Description Riley H Williams 1999-12-16 00:31:23 UTC
When I compile SatTrack 3.1 (the satellite tracking system for Linux), I
get the following warnings:

/usr/include/bits/string2.h: In function `__strsep_g':
/usr/include/bits/string2.h:1168: warning: passing arg 2 of `__strpbrk_c2'
with different width due to prototype
/usr/include/bits/string2.h:1168: warning: passing arg 2 of `__strpbrk_c3'
with different width due to prototype
/usr/include/bits/string2.h:1168: warning: passing arg 3 of `__strpbrk_c2'
with different width due to prototype
/usr/include/bits/string2.h:1168: warning: passing arg 3 of `__strpbrk_c3'
with different width due to prototype
/usr/include/bits/string2.h:1168: warning: passing arg 4 of `__strpbrk_c3'
with different width due to prototype

I've checked these out, and they appear to be due to an incorrect prototype
in the string2.h include file as named.

I've no idea where to report this problem, so have put it here and ask for
help. Anybody please!

Comment 1 Jim Kingdon 1999-12-23 16:15:59 UTC
It would seem to be some kind of incompatibility between the compiler and
glibc (perhaps triggered by certain compiler options).  I tried reproducing
the bug with a small test case (enclosed) and I tried -Wall, -O2, and -pedantic
options and that didn't seem to do it.  Can you send a self-contained test case?
(usually the best way to do that is to take one of the source files which is
giving the error and send the output of gcc -E on that source file).
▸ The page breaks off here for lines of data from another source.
text \<open>For \<open>z = 0\<close> the quotient by \<open>(norm z)\<^sup>2 = 0\<close> in \<open>A\<close> is a junk value, which is
  harmless because it multiplies \<open>z $ j = 0\<close>.\<close>
lemma phi_aut_component:
  fixes z w :: "complex^'n"
  defines "s \<equiv> sqrt (1 - (norm z)\<^sup>2)"
  defines "A \<equiv> 1 - of_real (1 - s) * (cinner w z / of_real ((norm z)\<^sup>2))"
  shows "phi_aut z w $ j = (A * z$j + of_real (- s) * w$j) / (1 - cinner w z)"
  unfolding phi_aut_def A_def s_def proj_z_def cinner_self by (simp add: algebra_simps)

lemma phi_aut_numerator_identity:
  fixes c :: complex and s t :: real
  assumes "s\<^sup>2 = 1 - t" and "t = 0 \<Longrightarrow> c = 0"
  defines "A \<equiv> 1 - of_real (1 - s) * (c / of_real t)"
  shows "(cmod A)\<^sup>2 * t - 2 * s * Re (A * cnj c) = t - 2 * Re c + (cmod c)\<^sup>2"
proof (cases "t = 0")
  case False
  obtain x y where c: "c = Complex x y" by (metis complex.exhaust)
  have A: "A = Complex (1 - (1 - s) * x / t) (- (1 - s) * y / t)"
    unfolding A_def c using False by (simp add: complex_eq_iff field_simps)
  show ?thesis using False assms(1) unfolding A c
    by (simp add: cmod_power2) (simp add: field_simps power2_eq_square, algebra)
qed (use assms in simp)

lemma one_minus_norm_phi_aut_power2:
  fixes z w :: "complex^'n"
  assumes z: "norm z < 1" and w: "norm w < 1"
  shows "1 - (norm (phi_aut z w))\<^sup>2 = invariant_kernel z w"
proof -
  define t where "t = (norm z)\<^sup>2"
  define s where "s = sqrt (1 - t)"
  define c where "c = cinner w z"
  define A where "A = 1 - of_real (1 - s) * (c / of_real t)"
  have t: "0 \<le> t" "t < 1" unfolding t_def using z by (simp_all add: abs_square_less_1)
  have s2: "s\<^sup>2 = 1 - t" unfolding s_def using t by simp
  have "cmod c < 1"
    using norm_cinner_le[of w z] mult_right_mono[of "norm w" 1 "norm z"] z w unfolding c_def by simp
  then have c1: "0 < cmod (1 - c)" by auto
  have denom: "cmod (1 - cinner z w) = cmod (1 - c)"
    unfolding c_def by (metis cinner_commute complex_cnj_diff complex_cnj_one complex_mod_cnj)
  have phi: "phi_aut z w $ j = (A * z$j + of_real (- s) * w$j) / (1 - c)" for j
    unfolding A_def s_def t_def c_def by (rule phi_aut_component)
  have "(norm (phi_aut z w))\<^sup>2 = (norm (\<chi> j. A * z$j + of_real (- s) * w$j))\<^sup>2 / (cmod (1 - c))\<^sup>2"
    unfolding norm_vec_complex_power2 phi
    by (simp add: norm_divide power_divide sum_divide_distrib)
  also have "\<dots> = (t - 2 * Re c + (cmod c)\<^sup>2 + (1 - t) * (norm w)\<^sup>2) / (cmod (1 - c))\<^sup>2"
  proof -
    have "t = 0 \<Longrightarrow> c = 0" unfolding t_def c_def cinner_def by simp
    then have "(cmod A)\<^sup>2 * t - 2 * s * Re (A * cnj c) = t - 2 * Re c + (cmod c)\<^sup>2"
      unfolding A_def by (rule phi_aut_numerator_identity[OF s2])
    moreover have "Re (A * cnj (of_real (- s)) * cnj c) = - s * Re (A * cnj c)"
      by (simp add: algebra_simps)
    ultimately show ?thesis
      unfolding norm_lincomb_power2 cinner_commute[of z w, folded c_def] t_def[symmetric]
      by (simp add: s2 algebra_simps)
  qed
  finally have "1 - (norm (phi_aut z w))\<^sup>2
      = ((cmod (1 - c))\<^sup>2 - (t - 2 * Re c + (cmod c)\<^sup>2 + (1 - t) * (norm w)\<^sup>2)) / (cmod (1 - c))\<^sup>2"
    using c1 by (simp add: diff_divide_distrib)
  also have "(cmod (1 - c))\<^sup>2 - (t - 2 * Re c + (cmod c)\<^sup>2 + (1 - t) * (norm w)\<^sup>2)
      = (1 - t) * (1 - (norm w)\<^sup>2)"
    by (simp add: cmod_power2) (simp add: power2_eq_square algebra_simps)
  finally show ?thesis unfolding invariant_kernel_def denom t_def .
qed

section \<open>Bounds for the invariant kernel\<close>

lemma tanh_artanh_real:
  fixes x :: real
  assumes "\<bar>x\<bar> < 1"
  shows "tanh (artanh x) = x"
proof -
  have pos: "0 < 1 + x" "0 < 1 - x" using assms by auto
  have "- 2 * artanh x = ln ((1 - x) / (1 + x))"
    using pos by (simp add: artanh_def ln_div)
  then have e: "exp (- 2 * artanh x) = (1 - x) / (1 + x)"
    using pos by simp
  show ?thesis using pos unfolding tanh_real_altdef e by (simp add: field_simps)
qed

lemma invariant_kernel_pos:
  fixes z w :: "complex^'n"
  assumes "norm z < 1" "norm w < 1"
  shows "0 < invariant_kernel z w"
proof -
  have "norm z * norm w < 1"
    using assms mult_right_mono[of "norm z" 1 "norm w"] by simp
  then have "0 < cmod (1 - cinner z w)" using norm_one_minus_cinner_ge[of z w] by linarith
  then show ?thesis
    using assms unfolding invariant_kernel_def by (simp add: abs_square_less_1)
qed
------------------ begin sep.c
#include <stdio.h>
#include <stdlib.h>
#include <string.h>
int
main (int argc, char **argv)
{
  char *p;
  char *q;
  int i;
  if (argc != 2)
    {
      printf ("Usage: sep tok1,tok2,tok3,...tokn\n");
      exit (EXIT_FAILURE);
    }
  p = argv[1];
  i = 0;
  while ((q = strsep (&p, ",")) != NULL)
    printf ("Token %d is \"%s\"\n", i++, q);
  exit (EXIT_SUCCESS);
}
------------------- end sep.c

Comment 2 Riley H Williams 1999-12-23 20:33:59 UTC
I've now applied your advice and done "gcc -E ..." on one of the files reporting
that error. However, the results are a little large to post here, so can I email
them to you separately?

One thing though: It looks like it's something to do with gcc's optimisation, as
`gcc -Os` doesn't produce those warnings, although both `gcc -O` and `gcc -O2`
do.

For reference, here's the original compilation command for the section that I
used -E on:

 Q> gcc -O -Wall -Wconversion -DIOCTL -c -DREVERSEVIDEO -DSUNTRANSITS     \
 Q>     -DXWINDOW -I/usr/src/SatTrack-3.1.7/src/include                   \
 Q>     /usr/src/SatTrack-3.1.7/src/fixchecksum/fix checksum.c            \
 Q>     -o /usr/src/SatTrack-3.1.7/obj/fixchecksum.o

The following is the bash script I used to perform these tests:

 Q> #!/bin/bash
 Q>
 Q> function run() {
 Q>     gcc -E $1 -Wall -Wconversion -DIOCTL -c -DREVERSEVIDEO              \
 Q>         -DSUNTRANSITS -DXWINDOW  -I/usr/src/SatTrack-3.1.7/src/include  \
 Q>         /usr/src/SatTrack-3.1.7/src/fixchecksum/fixchecksum.c           \
 Q>                                                                         \
 Q>         | tr -s '\t' ' ' | sed 's/^ $//' | uniq
 Q> }
 Q>
 Q> run -O  | tee fixchecksum-O.c
 Q> run -O2 | tee fixchecksum-O2.c
 Q> run -Os | tee fixchecksum-Os.c

I can report that the output of the first two tests was identical. Here's a
directory listing of the resultant files:

-rw-r--r--   0/0   102694 Dec 23 19:44 1999 fixchecksum-O.c
-rw-r--r--   0/0   102694 Dec 23 19:44 1999 fixchecksum-O2.c
-rw-r--r--   0/0    47201 Dec 23 19:44 1999 fixchecksum-Os.c
-rw-r--r--   0/0     9358 Jan  4 21:21 1997 fixchecksum.c

As you can see, the result of the -Os test is considerably smaller than the
other two.

Comment 3 Riley H Williams 1999-12-23 20:39:59 UTC
Created attachment 44 [details]
Original source + "gcc -E"'d versions thereof...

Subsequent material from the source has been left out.